Recommended reading (addresses the motivations and ethics of security research): https://soatok.blog/2025/01/21/too-many-people-dont-value-th...
> Great, but what should they have done instead? Decided which of the 10 existing solutions is the correct one, with 9 being obvious crap if you ask any security researcher?
There's 10 existing solutions? What is your exact problem space, then?
I've literally blogged about tool recommendations before: https://soatok.blog/2024/11/15/what-to-use-instead-of-pgp/
I'm also working in all of my spare time on designing a solution to one of the hard problems with cryptographic tooling, as I alluded to in the blog post.
https://soatok.blog/2024/06/06/towards-federated-key-transpa...
Is this not enough of an answer for you?
> How should the user know? And typically none of the existing solutions matched the use case exactly. Now what?
First, describe your use case in as much detail as possible. The closer you can get to the platonic ideal of a system architecture doc with a formal threat model, the better, but even a list of user stories helps.
Then, talk to a cryptography expert.
We don't keep the list of experts close to our chest: Any IACR-affiliated conference hosts several of them. We talk to each other! If we're not familiar with your specific technology, there's bound to be someone who is.
This isn't presently a problem you can just ask a search engine or generative AI model and get the correct and secure answer for your exact use case 100% of the time with no human involvement.

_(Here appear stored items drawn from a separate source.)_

lemma lambda_min_mult_trace_le:
  fixes X M :: "real^'d^'d"
  assumes "sym_mat X"
  shows "lambda_min X * trace (M ** transpose M) \<le> mat_inner X (transpose M ** M)"
  unfolding trace_mult_transpose mat_inner_mult_transpose_eq sum_distrib_left
  by (intro sum_mono lambda_min_eigenvalue_rayleigh(2)[OF assms])

lemma eigenvalue_sq_mult_trace_inverse_ge_1:
  fixes B :: "real^'d^'d"
  assumes B: "invertible B" and w: "w \<noteq> 0" "B *v w = c *\<^sub>R w"
  shows "1 \<le> c\<^sup>2 * trace (matrix_inv B ** transpose (matrix_inv B))"
proof -
  define u where "u = matrix_inv B *v w"
  have "w = matrix_inv B *v (B *v w)"
    by (simp add: matrix_vector_mul_assoc matrix_inv_cancel[OF B])
  then have "w = c *\<^sub>R u" using w(2) by (simp add: u_def matrix_vector_mult_scaleR)
  then have "w \<bullet> w = (c *\<^sub>R u) \<bullet> (c *\<^sub>R u)" by simp
  also have "\<dots> = c\<^sup>2 * (u \<bullet> u)" by (simp add: power2_eq_square)
  also have "\<dots> \<le> c\<^sup>2 * (trace (matrix_inv B ** transpose (matrix_inv B)) * (w \<bullet> w))"
    unfolding u_def by (intro mult_left_mono inner_matrix_vector_le_trace) simp
  finally have "1 * (w \<bullet> w) \<le> (c\<^sup>2 * trace (matrix_inv B ** transpose (matrix_inv B))) * (w \<bullet> w)"
    by (simp add: mult.assoc)
  then show ?thesis using w(1) by (simp add: mult_le_cancel_right)
qed

lemma psd_trace_nonneg:
  fixes M :: "real^'d^'d"
  assumes "psd M"
  shows "0 \<le> trace M"
proof -
  have "0 \<le> M$k$k" for k
  proof -
    have "0 \<le> axis k 1 \<bullet> (M *v axis k 1)" using assms by (simp add: psd_def)
    then show ?thesis by (simp add: inner_axis' matrix_vector_mul_component inner_axis)
  qed
  then show ?thesis by (simp add: trace_def sum_nonneg)
qed

lemma trace_sum_outer:
  "trace (\<Sum>i\<in>I. c i *\<^sub>R outer (v i) :: real^'d^'d) = (\<Sum>i\<in>I. c i * (norm (v i))\<^sup>2)"
proof -
  have "trace M = mat_inner M (mat 1)" for M :: "real^'d^'d" by (simp add: mat_inner_def)
  then show ?thesis
    by (simp add: mat_inner_sum_left mat_inner_scaleR_left mat_inner_outer sym_mat_def
        power2_norm_eq_inner)
qed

Finding a trusted expert in this field is pretty easy, and most cryptography experts are humble enough to admit when something is out of their depth.
And if you're out of better options, this sort of high-level guidance is something I do offer in a timeboxed setting (up to one hour) for a flat rate: https://soatok.com/critiques
crote|1 year ago
Do you happen to know of a similar resource applicable to common HN deployment scenarios, like regular client-server auth?
For example, in your Beyond Bcrypt blog post[0] you seem to propose hand-writing a wrapper around bcrypt as the best option for regular password hashing. Are there any vetted cross-language libraries which take care of this? If one isn't available, should I risk writing my own wrapper, or stick with your proposed scrypt/argon2 parameters[1] instead? Should I perhaps be using some kind of PAKE to authenticate users?
The internet is filled with terrible advice ("hash passwords, you can use md5"), outdated advice ("hash passwords, use SHA with a salt"), and incomplete advice ("just use bcrypt") - followed up by people telling you what not to do ("don't use bcrypt - it suffers from truncation and opens you up to DDOS"). But to me as an average programmer, that just leave behind a huge void. Where are the well-vetted batteries-included solutions I can just deploy without having to worry about it?
[0]: https://soatok.blog/2024/11/27/beyond-bcrypt/
[1]: https://soatok.blog/2022/12/29/what-we-do-in-the-etc-shadow-...
thyristan|1 year ago
You whole-heartedly recommend sigstore, a trusted-third-party system which plainly trusts the auth flows of the likes of Google or Github. It is basically a signature by OpenID-Login. This is no better than just viewing everything from github.com/someuser as trusted. The danger of key theft is replaced by the far higher danger of account theft, password loss and the usual numerous auth-flow problems with OpenID.
Why should I take those recommendations seriously?